Add caching to our tests to avoid clean rebuilds. (carbon-language#534)

This is both a bit tricky and really easy with Bazel. The easy part, especially compared to other build systems is that we can do this regardless of the state of the repository -- Bazel will hermetically check that everything is up-to-date, allowing the cache to be a bit stale but still totally functional. The easy part is that we can just ask Bazel to use an output base that we cache and restore. This is super nice and even avoids most of the Bazel installation bits. The tricky part is that we need this to reconnect correctly to the installed tree, so we need to exclude a crucial symlink that will then get re-created at the right moment. This gets really tricky due to LLVM and Clang (and this we would struggle with no matter what build system we used). Building LLVM creates a *ton* of object code. Just a huge amount. As a consequence, we'd run into GitHub's limit for action cache size (5gb) really quickly with 4 configurations. So we can do another bit of tricky business and exclude the downloaded `external` tree. This gets rebuilt easily, and there's no real need to download it with the cached state -- its downloaded either way. There are two follow-ups that I'd like to make here. One is to prod the Bazel team to make things like persisting your output base a bit easier to do reliably. Even better to make it easier to do *partial* persisting. Second follow-up is to work to make our usage of LLVM *much* less wasteful. There are a bunch of steps here from changing how we use sanitizers to how LLVM is built. Those will be follow-ups though.
avlouis · May 24, 2021 · 80883db · 80883db
1 parent 59add8c
commit 80883db
Showing 1 changed file with 62 additions and 2 deletions.
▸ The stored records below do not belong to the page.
lemma dual_space_additive:
  assumes "u \<in> dual_space sV"
  shows "u (a + b) = u a + u b" "u (- a) = - u a" "u (a - b) = u a - u b"
proof -
  have "additive u" using assms unfolding dual_space_iff additive_def by auto
  then show "u (a + b) = u a + u b" "u (- a) = - u a" "u (a - b) = u a - u b"
    by (simp_all add: additive.add additive.minus additive.diff)
qed

lemma subspace_dual_space:
  assumes "vector_space sV"
  shows "module.subspace dual_scale (dual_space sV)"
proof -
  have "module (dual_scale :: 'k::field \<Rightarrow> ('v \<Rightarrow> 'k) \<Rightarrow> _)"
    using vector_space_dual_scale by (simp add: module_iff_vector_space)
  then show ?thesis
    using assms
    by (auto simp: module.subspace_def[OF \<open>module dual_scale\<close>] dual_space_iff dual_scale_def
        algebra_simps)
qed

lemma lin_op_map_dual_op:
  assumes "lin_op_map sA sV UNIV f"
  shows "lin_op_map sA dual_scale (dual_space sV) (dual_op f)"
  using assms unfolding lin_op_map_def
  by (auto simp: dual_space_iff dual_op_def dual_scale_def fun_eq_iff
      lin_op_map_UNIV_additive[OF assms] algebra_simps)

lemma lin_op_map_op_add:
  assumes "vector_space sW" "module.subspace sW W" "lin_op_map sA sW W f" "lin_op_map sA sW W g"
  shows "lin_op_map sA sW W (op_add f g)"
proof -
  have m: "module sW" using assms(1) by (simp add: module_iff_vector_space)
  then show ?thesis
    using assms(3,4) module.subspace_add[OF _ assms(2)] module.scale_right_distrib[OF m]
    unfolding lin_op_map_def op_add_def by (auto simp: algebra_simps)
qed

lemma lin_op_map_op_neg:
  assumes "vector_space sW" "module.subspace sW W" "lin_op_map sA sW W f"
  shows "lin_op_map sA sW W (op_neg f)"
proof -
  have m: "module sW" using assms(1) by (simp add: module_iff_vector_space)
  then show ?thesis
    using assms(3) module.subspace_neg[OF _ assms(2)] module.scale_minus_right[OF m]
    unfolding lin_op_map_def op_neg_def by (auto simp: algebra_simps)
qed

locale anti_pre_leibniz_rep =
  fixes sA :: "'k::field \<Rightarrow> 'a::ab_group_add \<Rightarrow> 'a"
    and sc pc :: "'a \<Rightarrow> 'a \<Rightarrow> 'a"
    and sV :: "'k \<Rightarrow> 'v::ab_group_add \<Rightarrow> 'v"
    and ls rs lp rp :: "'a \<Rightarrow> 'v \<Rightarrow> 'v"
  assumes rep: "is_rep sA sc pc sV UNIV ls rs lp rp"
begin

abbreviation lo where "lo x v \<equiv> ls x v + lp x v"
abbreviation ro where "ro x v \<equiv> rs x v + rp x v"
abbreviation co where "co x y \<equiv> sc x y + pc x y"

lemma lin_op_maps:
  "lin_op_map sA sV UNIV ls" "lin_op_map sA sV UNIV rs"
  "lin_op_map sA sV UNIV lp" "lin_op_map sA sV UNIV rp"
  using rep unfolding is_rep_def by auto

lemmas linearity =
  lin_op_map_UNIV_additive[OF lin_op_maps(1)] lin_op_map_UNIV_additive[OF lin_op_maps(2)]
  lin_op_map_UNIV_additive[OF lin_op_maps(3)] lin_op_map_UNIV_additive[OF lin_op_maps(4)]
diff --git a/.github/workflows/tests.yaml b/.github/workflows/tests.yaml
@@ -33,6 +33,11 @@ jobs:
         build_mode: [fastbuild, opt]
     runs-on: ${{ matrix.os }}
     steps:
+      - name: Create environment variables
+        run: |
+          echo "BAZEL_OUTPUT_BASE_PATH=$HOME/.cache/bazel-output-base" >> $GITHUB_ENV
+          echo "BAZEL=bazelisk --output_base=$HOME/.cache/bazel-output-base" >> $GITHUB_ENV
+
       - name: Checkout
         uses: actions/checkout@v2
         with:
@@ -59,16 +64,71 @@ jobs:
           bazelisk --version
           python --version
 
+      # Make the date available to subsequent steps.
+      - name: Get date
+        id: date
+        shell: bash
+        run: |
+          echo "::set-output name=date::$(/bin/date -u "+%Y%m%d")"
+
+      # Preserve and restore the Bazel cache across builds.
+      #
+      # These cached entries are keyed on this file (which configures the
+      # command and other inputs) as well as the date. Because Bazel is
+      # hermetic, it doesn't matter if we get a "stale" entry here, but it makes
+      # the cache less efficient. So we use the date to get a fresh baseline
+      # cache once per day. We include this file so that changing the build
+      # structure itself returns us to a clean state. We can also increment the
+      # counter in this comment to forcibly rotate this hash in the event we get
+      # a corrupted cache that breaks Bazel. This is a risk because we very
+      # selectively prune directories out of the internals of the Bazel output
+      # base to reduce the storage of the cache. At any point, this might break
+      # invariants and require us to clear our caches. There is no way to
+      # actually delete them and so instead we can simply bump the counter here.
+      #
+      # Current cache version: 1
+      - name: Cache Bazel build data
+        uses: actions/cache@v2
+        with:
+          # We exclude the install symlink so that Bazel reconnects to the
+          # current installation. This helps repair any damage done by other
+          # exclusions as well. Then we exclude the `external` tree because
+          # those are all downloaded and rapidly rebuilt, so no benefit from
+          # downloading them with the cached state.
+          path: |
+            ${{ env.BAZEL_OUTPUT_BASE_PATH }}
+            !${{ env.BAZEL_OUTPUT_BASE_PATH }}/install
+            !${{ env.BAZEL_OUTPUT_BASE_PATH }}/external
+          key: |
+            bazel-${{ matrix.os }}-${{ matrix.build_mode }}-${{ hashFiles('.github/workflows/tests.yaml')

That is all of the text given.